* _DIRECTIONS_
Your reply should consist solely of the lines from the start of the material below through the line containing "m = a + b, agrees", reproduced exactly.
DATASET EXTRACT START
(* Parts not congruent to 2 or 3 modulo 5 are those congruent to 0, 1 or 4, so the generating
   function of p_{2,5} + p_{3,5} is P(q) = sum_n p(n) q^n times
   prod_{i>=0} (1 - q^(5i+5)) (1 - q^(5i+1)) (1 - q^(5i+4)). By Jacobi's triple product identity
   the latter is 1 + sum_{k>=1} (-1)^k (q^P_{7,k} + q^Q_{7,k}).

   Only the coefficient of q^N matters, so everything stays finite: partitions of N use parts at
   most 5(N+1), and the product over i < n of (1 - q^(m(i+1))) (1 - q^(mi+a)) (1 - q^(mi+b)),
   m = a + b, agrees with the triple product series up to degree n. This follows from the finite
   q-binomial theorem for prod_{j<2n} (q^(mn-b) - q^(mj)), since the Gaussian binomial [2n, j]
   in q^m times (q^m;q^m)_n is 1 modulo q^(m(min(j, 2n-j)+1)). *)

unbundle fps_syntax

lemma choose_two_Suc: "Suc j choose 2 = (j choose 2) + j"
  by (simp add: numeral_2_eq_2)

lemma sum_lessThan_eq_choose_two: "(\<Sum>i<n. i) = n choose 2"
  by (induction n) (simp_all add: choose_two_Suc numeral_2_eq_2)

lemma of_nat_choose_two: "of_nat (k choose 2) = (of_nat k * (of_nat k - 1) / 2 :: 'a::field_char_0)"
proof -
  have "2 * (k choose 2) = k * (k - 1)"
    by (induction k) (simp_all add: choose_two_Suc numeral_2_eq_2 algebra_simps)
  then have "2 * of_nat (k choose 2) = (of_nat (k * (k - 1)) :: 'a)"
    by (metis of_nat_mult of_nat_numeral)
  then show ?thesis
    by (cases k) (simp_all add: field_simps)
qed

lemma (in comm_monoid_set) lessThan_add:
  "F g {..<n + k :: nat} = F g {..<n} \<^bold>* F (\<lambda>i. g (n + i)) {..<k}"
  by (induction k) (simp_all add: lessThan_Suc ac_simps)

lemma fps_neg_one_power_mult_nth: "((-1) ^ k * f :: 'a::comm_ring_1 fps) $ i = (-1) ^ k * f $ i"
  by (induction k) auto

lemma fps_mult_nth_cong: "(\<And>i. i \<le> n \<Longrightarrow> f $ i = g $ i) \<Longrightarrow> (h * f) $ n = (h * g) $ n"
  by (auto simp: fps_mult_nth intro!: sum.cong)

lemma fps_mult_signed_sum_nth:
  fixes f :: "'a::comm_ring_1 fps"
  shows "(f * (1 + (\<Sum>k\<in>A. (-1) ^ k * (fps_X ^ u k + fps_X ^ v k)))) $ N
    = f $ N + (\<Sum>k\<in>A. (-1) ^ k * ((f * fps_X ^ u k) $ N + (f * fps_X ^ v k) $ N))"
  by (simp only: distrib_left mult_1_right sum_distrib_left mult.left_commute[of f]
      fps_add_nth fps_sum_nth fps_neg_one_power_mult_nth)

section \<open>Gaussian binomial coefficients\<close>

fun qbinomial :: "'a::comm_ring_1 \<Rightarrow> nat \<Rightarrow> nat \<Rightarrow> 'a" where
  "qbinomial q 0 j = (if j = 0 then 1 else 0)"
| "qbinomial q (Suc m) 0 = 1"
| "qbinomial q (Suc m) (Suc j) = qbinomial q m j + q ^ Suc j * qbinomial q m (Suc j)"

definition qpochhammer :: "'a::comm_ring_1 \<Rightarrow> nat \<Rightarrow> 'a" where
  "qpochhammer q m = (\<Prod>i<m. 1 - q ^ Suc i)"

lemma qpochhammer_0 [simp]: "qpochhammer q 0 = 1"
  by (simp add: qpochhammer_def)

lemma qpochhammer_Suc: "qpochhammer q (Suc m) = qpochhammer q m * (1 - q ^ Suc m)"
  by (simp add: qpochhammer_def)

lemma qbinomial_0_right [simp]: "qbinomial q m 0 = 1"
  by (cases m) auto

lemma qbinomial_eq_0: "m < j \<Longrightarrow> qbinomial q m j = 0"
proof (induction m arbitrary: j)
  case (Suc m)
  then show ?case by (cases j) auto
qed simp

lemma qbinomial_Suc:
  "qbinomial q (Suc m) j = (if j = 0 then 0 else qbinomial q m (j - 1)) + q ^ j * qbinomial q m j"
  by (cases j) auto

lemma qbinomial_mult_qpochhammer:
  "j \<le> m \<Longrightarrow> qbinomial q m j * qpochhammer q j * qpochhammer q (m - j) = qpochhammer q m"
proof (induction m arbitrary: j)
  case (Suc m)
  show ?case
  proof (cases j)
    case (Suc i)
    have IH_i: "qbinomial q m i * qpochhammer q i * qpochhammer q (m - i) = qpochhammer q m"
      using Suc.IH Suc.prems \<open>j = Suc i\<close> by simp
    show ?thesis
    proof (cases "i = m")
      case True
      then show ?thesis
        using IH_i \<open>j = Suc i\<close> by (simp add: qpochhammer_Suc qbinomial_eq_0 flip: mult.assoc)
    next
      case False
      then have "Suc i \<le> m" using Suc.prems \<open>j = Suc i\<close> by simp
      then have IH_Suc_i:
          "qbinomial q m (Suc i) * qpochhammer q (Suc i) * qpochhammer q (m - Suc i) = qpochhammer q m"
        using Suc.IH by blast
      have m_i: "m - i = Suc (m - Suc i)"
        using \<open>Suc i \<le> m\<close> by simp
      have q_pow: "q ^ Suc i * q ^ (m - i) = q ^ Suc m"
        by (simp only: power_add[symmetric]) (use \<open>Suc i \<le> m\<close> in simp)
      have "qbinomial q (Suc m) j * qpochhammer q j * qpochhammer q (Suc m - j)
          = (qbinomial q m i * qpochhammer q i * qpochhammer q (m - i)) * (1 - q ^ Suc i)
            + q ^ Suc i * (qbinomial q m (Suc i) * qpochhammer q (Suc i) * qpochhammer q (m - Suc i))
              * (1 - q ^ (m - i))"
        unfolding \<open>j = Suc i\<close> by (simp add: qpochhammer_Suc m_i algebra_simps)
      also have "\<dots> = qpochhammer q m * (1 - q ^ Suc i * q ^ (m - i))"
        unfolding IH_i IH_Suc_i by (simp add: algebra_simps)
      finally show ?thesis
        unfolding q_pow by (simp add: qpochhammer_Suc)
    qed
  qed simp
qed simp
DATASET EXTRACT END
* _TASK ANSWER_
(* Parts not congruent to 2 or 3 modulo 5 are those congruent to 0, 1 or 4, so the generating
   function of p_{2,5} + p_{3,5} is P(q) = sum_n p(n) q^n times
   prod_{i>=0} (1 - q^(5i+5)) (1 - q^(5i+1)) (1 - q^(5i+4)). By Jacobi's triple product identity
   the latter is 1 + sum_{k>=1} (-1)^k (q^P_{7,k} + q^Q_{7,k}).

   Only the coefficient of q^N matters, so everything stays finite: partitions of N use parts at
   most 5(N+1), and the product over i < n of (1 - q^(m(i+1))) (1 - q^(mi+a)) (1 - q^(mi+b)),
   m = a + b, agrees with the triple product series up to degree n. This follows from the finite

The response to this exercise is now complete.